Pauline: If you’ve spent any time in Meadowview, a semi-suburban neighborhood eight miles south of downtown Sacramento, you’ll know it’s like taking a trip around the world.
[Manitos music with announcement in Spanish: Cinco cinco! Woohoo!]
Pauline: Elderly Spanish speakers meet every Friday at a community center to dance and socialize.
[A school bell, kids]
Pauline: Families of Hmong refugees attend public school in their ancestors’ native language.
[People speaking in the Hmong language followed by English. Good morning, parents, guardians …]
Pauline: Hundreds of Pacific Islanders go to church services on Sunday.
[Organ music and singing]
Parishioner: Brothers and sisters.. Malo e’ lelei…
Parishioners: Malo e’ lelei…
Pauline: But if you’ve heard anything about this neighborhood lately, it’s most likely about this:
Protestors: Stephon Clark! Remember his name! Stephon Clark!
Pauline: The uproar after Stephon Clark was killed by police in 2018.
Protestors: Say his name! Stephon Clark!
Pauline: But that event doesn’t really say much at all about what this neighborhood is about.
[music starts - “Two Dollar Topic”]
Pauline: So we decided to listen more closely to people in Meadowview, and bring you stories about leaders of the many ethnic communities here who are making life the best it can be here. They’re working for the next generation. This neighborhood is full of young people.
Rolanda Wilkins: I’m always excited when I can help honor young young people. Because I want them to know, we need them to be ok, you know?
Pauline: Capital Public Radio spent a year in Meadowview, and we found, in many ways, it’s like all our neighborhoods. Just take it from LeVar Burton, star of “Reading Rainbow” and “Star Trek.” You remember the ‘70s miniseries “Roots?” He lived here as a teenager.

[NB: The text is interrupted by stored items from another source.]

lemma row_witnesses:
  assumes "r < p"
  shows "\<exists>w1\<in>W. \<exists>w2\<in>W. \<exists>w3\<in>W. fst w1 = r + 1 \<and> fst w2 = r + 1 \<and> fst w3 = r + 1 \<and>
           distinct [fst (snd w1), fst (snd w2), fst (snd w3)] \<and>
           distinct [snd (snd w1), snd (snd w2), snd (snd w3)]"
proof -
  obtain k1 k2 k3 where k: "distinct [k1, k2, k3]" "k1 < n" "k2 < n" "k3 < n"
      "r \<in> rows (g k1)" "r \<in> rows (g k2)" "r \<in> rows (g k3)"
    using covering assms ex_three_layers[of "\<lambda>e. r \<in> rows e"] by (auto simp: thrice_covering_def)
  obtain a1 where a1: "a1 \<in> corners (g k1)" "fst a1 = r" using k(5) unfolding rows_def by blast
  obtain a2 where a2: "a2 \<in> corners (g k2)" "fst a2 = r" using k(6) unfolding rows_def by blast
  obtain a3 where a3: "a3 \<in> corners (g k3)" "fst a3 = r" using k(7) unfolding rows_def by blast
  have "distinct [a1, a2, a3]" using distinct_corners[OF k(1-4) a1(1) a2(1) a3(1)] .
  then have "distinct [snd a1, snd a2, snd a3]" using a1(2) a2(2) a3(2) by (auto simp: prod_eq_iff)
  then have "fst (lift a1 k1) = r + 1 \<and> fst (lift a2 k2) = r + 1 \<and> fst (lift a3 k3) = r + 1 \<and>
      distinct [fst (snd (lift a1 k1)), fst (snd (lift a2 k2)), fst (snd (lift a3 k3))] \<and>
      distinct [snd (snd (lift a1 k1)), snd (snd (lift a2 k2)), snd (snd (lift a3 k3))]"
    using k(1) a1(2) a2(2) a3(2) by (simp add: lift_def)
  moreover have "lift a1 k1 \<in> W" "lift a2 k2 \<in> W" "lift a3 k3 \<in> W"
    using lift_mem_pairing_set k(2-4) a1(1) a2(1) a3(1) by blast+
  ultimately show ?thesis by blast
qed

Levar Burton: Meadowview is a microcosm for the United States of America. Our story is your story. People here strive, they love, they live, they laugh, they cry. Meadowview is a real place with real people, with real dreams and aspirations.
Pauline: So in this podcast, you’ll hear about people struggling to realize their dreams like we all are. But the difference is in Meadowview, the challenges are a little steeper. Like, there are gangs in my neighborhood; my employer’s racist; or I don’t have a bed to sleep on.
We’ll bring you six stories of how people are tackling problems in Meadowview that seem insurmountable. But we’ll also hear about a lot of successes, and what’s working for people here.
I’m Pauline Bartolone. I’m your guide in this series, Making Meadowview, from Capital Public Radio’s The View from Here.
[Music fades out]
Pauline: First, let’s clear some things up about Meadowview. It’s part of the city of Sacramento, just south of Florin road, roughly stretching between I-5 and Franklin Boulevard. But it looks like a suburb - single family homes, strip malls, and total car dependency. But it’s not your white suburbia of the 1950s. It’s not all black, either. It has the kind of diversity most Sacramentans brag about. About a third of the folks who live here are Latino, and the rest of the neighborhood is a mix, with Asians, Black folks and a minority of whites. Then there’s a large community we don’t hear much about. Pacific Islanders. Their immigration here helps tell the story of the neighborhood.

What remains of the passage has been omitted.